Her eyes lifted to see a ruthless black gaze peering down at her, the gaze of a man whom she suspected would be no more husband material for a woman than Ralph, obviously, had been. For a moment she felt oddly disconcerted, but quickly dismissed the unwarranted reaction. This swinging bachelor’s personal life was no concern of hers. ‘Well, Mike?’ she said. ‘Have you got a pencil and paper, or an excellent memory?’
SALOME’S mother came into her bedroom as the former was putting the final touches on her make-up, and gave the large suitcase sitting beside the door a disgruntled look. ‘Just because I asked Wayne to move in,’ she flung at her daughter in a petulant tone, ‘doesn’t mean you have to move out. I thought you were happy enough living here with me.’

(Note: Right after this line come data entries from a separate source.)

lemma sigma_prime_mult_le:
  assumes p: "prime p" and m: "m > 0" and pa: "p ^ a dvd m"
  shows "sigma (p * m) \<le> (real p + 1 / real p ^ a) * sigma m"
proof -
  define D where "D = {d. d dvd m}"
  define C where "C = {d. d dvd p * m \<and> \<not> p dvd d}"
  have p0: "p > 0" using p by (simp add: prime_gt_0_nat)
  have fin_D: "finite D" using m by (simp add: D_def)
  have fin_C: "finite C"
    by (rule finite_subset[of _ "{d. d dvd p * m}"]) (use m p0 in \<open>auto simp: C_def\<close>)
  have divisors: "{d. d dvd p * m} = (\<lambda>d. p * d) ` D \<union> C"
  proof (intro equalityI subsetI)
    fix d assume "d \<in> {d. d dvd p * m}"
    then show "d \<in> (\<lambda>d. p * d) ` D \<union> C"
      using p0 by (cases "p dvd d") (auto simp: D_def C_def)
  qed (auto simp: D_def C_def)
  have "sigma (p * m) = (\<Sum>d\<in>(\<lambda>d. p * d) ` D. real d) + (\<Sum>d\<in>C. real d)"
    unfolding sigma_def divisors by (rule sum.union_disjoint) (use fin_D fin_C in \<open>auto simp: C_def\<close>)
  also have "(\<Sum>d\<in>(\<lambda>d. p * d) ` D. real d) = real p * sigma m"
    using p0 by (simp add: sum.reindex inj_on_def sigma_def D_def sum_distrib_left)
  also have "(\<Sum>d\<in>C. real d) \<le> sigma m / real p ^ a"
  proof -
    have "(\<lambda>d. p ^ a * d) ` C \<subseteq> D"
    proof
      fix x assume "x \<in> (\<lambda>d. p ^ a * d) ` C"
      then obtain d where d: "d dvd p * m" "\<not> p dvd d" and x: "x = p ^ a * d"
        by (auto simp: C_def)
      have "coprime (p ^ a) d" using d(2) p by (simp add: prime_imp_coprime)
      moreover have "d dvd m"
        using d p by (metis coprime_commute coprime_dvd_mult_right_iff prime_imp_coprime)
      ultimately show "x \<in> D" using pa by (simp add: D_def x divides_mult)
    qed
    then have "(\<Sum>x\<in>(\<lambda>d. p ^ a * d) ` C. real x) \<le> sigma m"
      unfolding sigma_def D_def[symmetric] by (rule sum_mono2[OF fin_D]) auto
    moreover have "(\<Sum>x\<in>(\<lambda>d. p ^ a * d) ` C. real x) = real p ^ a * (\<Sum>d\<in>C. real d)"
      using p0 by (simp add: sum.reindex inj_on_def sum_distrib_left)
    ultimately show ?thesis using p0 by (simp add: field_simps)
  qed
  finally show ?thesis by (simp add: algebra_simps)
qed
lemma card_hyperedges_containing_le_card_link:
  assumes H: "three_graph H" and e: "card e = 2"
  shows "card {A\<in>H. e \<subseteq> A} \<le> card (link H e)"
proof -
  have "{A\<in>H. e \<subseteq> A} \<subseteq> (\<lambda>c. insert c e) ` link H e"
  proof
    fix A assume A: "A \<in> {A\<in>H. e \<subseteq> A}"
    hence "card (A - e) = 1"
      using H e card_Diff_subset[of e A] by (auto simp: three_graph_def card_ge_0_finite)
    then obtain c where "A - e = {c}" using card_1_singletonE by blast
    hence "c \<notin> e" "A = insert c e" using A by auto
    thus "A \<in> (\<lambda>c. insert c e) ` link H e" using A by (auto simp: link_def)
  qed
  hence "card {A\<in>H. e \<subseteq> A} \<le> card ((\<lambda>c. insert c e) ` link H e)"
    using finite_link[OF H] by (intro card_mono) auto
  also have "\<dots> \<le> card (link H e)" by (rule card_image_le[OF finite_link[OF H]])
  finally show ?thesis .
qed

lemma card_link_outside_hyperedge:
  assumes H: "three_graph H" and e: "card e = 2" and A: "card A = 3" "e \<subseteq> A"
  shows "card {A\<in>H. e \<subseteq> A} \<le> card (link H e - A) + 1"
proof -
  have "finite A" using A finite_if_card_eq_3 by blast
  have "card (A - e) = 1" using A e card_Diff_subset[of e A] by (simp add: card_ge_0_finite)
  moreover have "link H e \<inter> A \<subseteq> A - e" by (auto simp: link_def)
  ultimately have "card (link H e \<inter> A) \<le> 1"
    using card_mono[of "A - e" "link H e \<inter> A"] \<open>finite A\<close> by simp
  moreover have "card (link H e - A) = card (link H e) - card (link H e \<inter> A)"
    using finite_link[OF H] by (intro card_Diff_subset_Int) simp
  moreover have "card (link H e \<inter> A) \<le> card (link H e)"
    using finite_link[OF H] by (intro card_mono) auto
  ultimately show ?thesis
    using card_hyperedges_containing_le_card_link[OF H e] by linarith
qed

Salome counted to ten, afraid that she wouldn’t be able to keep the angry frustration out of her voice if she answered straight away. When she’d come home and found her mother had asked her latest boyfriend to share not only her bed but the whole house, Salome had seen red. It wasn’t that Wayne was a bad sort. He was probably the best type of man Molly had ever been out with.
But Salome couldn’t bear to stay around and witness her mother make the same old mistakes with yet another man. So she had drastically revised her plans, telling her mother some white lies about the unit and car, saying she had decided to keep them both and live in the unit.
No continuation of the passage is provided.